** Record set follows **

(* In the setting described in the context, fix any $(s,\mathrm d_{\mathcal S},\bar a,s',\mathrm d'_{\mathcal S},\bar a')$, and let $\mathbf s=(s_1,\dots,s_N)$ be i.i.d. from $\mathrm d_{\mathcal S}$ and $\mathbf s'=(s'_1,\dots,s'_N)$ i.i.d. from $\mathrm d'_{\mathcal S}$. Then for every $\beta$ with $\|\beta-\beta(0)\|_2\le R_\beta$, $$\mathbb E_{\mathrm{init},\mathbf s,\mathbf s'}\|\hat g_\beta(s,\mathbf s,\bar a,s',\mathbf s',\bar a')-g_\beta(s,\mathrm d_{\mathcal S},\bar a,s',\mathrm d'_{\mathcal S},\bar a')\|_2^2\le\mathcal O\Big(\frac{R_\beta^2}{N}\Big).$$
   Context: $\mathcal S$ finite, $\mathcal P(\mathcal S)$ distributions on $\mathcal S$, $\overline{\mathcal A}$ finite. Triples $(s,x,\bar a)$ are vectors in $\mathbb R^d$ with $\|(s,x,\bar a)\|_2\le1$. Initialization: independent $u_j\sim\mathrm{Unif}\{\pm1\}$, $\beta_j(0)\sim\mathcal N(0,I_d/d)$, $j\in[m]$ ($\mathbb E_{\mathrm{init}}$ over it; $u$ fixed). $\sigma(y)=\max\{y,0\}$; $f_\beta(s,x,\bar a)=\frac1{\sqrt m}\sum_ju_j\sigma(\beta_j^\top(s,x,\bar a))$; $F_\beta(s,\mathrm d_{\mathcal S},\bar a)=\mathbb E_{x\sim\mathrm d_{\mathcal S}}f_\beta(s,x,\bar a)$; $F_\beta(s,\mathbf s,\bar a)=\frac1N\sum_{i=1}^Nf_\beta(s,s_i,\bar a)$; $\nabla_\beta$ uses $\sigma'(y)=\mathbb 1\{y>0\}$. Function $\xi$ on $\mathcal S\times\mathcal P(\mathcal S)\times\overline{\mathcal A}$, constants $\tau\ge0$, $\mu\in[0,1)$. $\delta_\beta=F_\beta(s,\mathrm d_{\mathcal S},\bar a)-\tau\xi(s,\mathrm d_{\mathcal S},\bar a)-\mu F_\beta(s',\mathrm d'_{\mathcal S},\bar a')$, $g_\beta=\delta_\beta\nabla_\beta F_\beta(s,\mathrm d_{\mathcal S},\bar a)$; $\hat\delta_\beta=F_\beta(s,\mathbf s,\bar a)-\tau\xi(s,\mathrm d_{\mathcal S},\bar a)-\mu F_\beta(s',\mathbf s',\bar a')$, $\hat g_\beta=\hat\delta_\beta\nabla_\beta F_\beta(s,\mathbf s,\bar a)$. Assumption 4: constants $\tau_1,\tau_2,\tau_3\ge0$ with $\xi(s,\mathrm d_{\mathcal S},\bar a)^2\le\tau_1\mathbb E_{x\sim\mathrm d_{\mathcal S}}(f_{\beta(0)}(s,x,\bar a))^2+\tau_2R_\beta^2+\tau_3$ for all arguments. $\mathcal O(\cdot)$ hides constants independent of $R_\beta,m,N$. *)

theory Defs
  imports "HOL-Probability.Probability"
begin

text \<open>Vectors in R^d are functions 'd => real on a finite index type 'd.
  A parameter beta = (beta_1,...,beta_m) is a function nat => 'd => real, only j < m matter.\<close>

type_synonym 'd param = "nat \<Rightarrow> 'd \<Rightarrow> real"

definition dotp :: "('d::finite \<Rightarrow> real) \<Rightarrow> ('d \<Rightarrow> real) \<Rightarrow> real" where
  "dotp a b = (\<Sum>i\<in>UNIV. a i * b i)"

** End of Record set **

| What the task asks |
Give again the closing portion of the entries, from the line with "theory Defs" through the last line. Keep it exact and add nothing.

| Your solution |
theory Defs
  imports "HOL-Probability.Probability"
begin

text \<open>Vectors in R^d are functions 'd => real on a finite index type 'd.
  A parameter beta = (beta_1,...,beta_m) is a function nat => 'd => real, only j < m matter.\<close>

type_synonym 'd param = "nat \<Rightarrow> 'd \<Rightarrow> real"

definition dotp :: "('d::finite \<Rightarrow> real) \<Rightarrow> ('d \<Rightarrow> real) \<Rightarrow> real" where
  "dotp a b = (\<Sum>i\<in>UNIV. a i * b i)"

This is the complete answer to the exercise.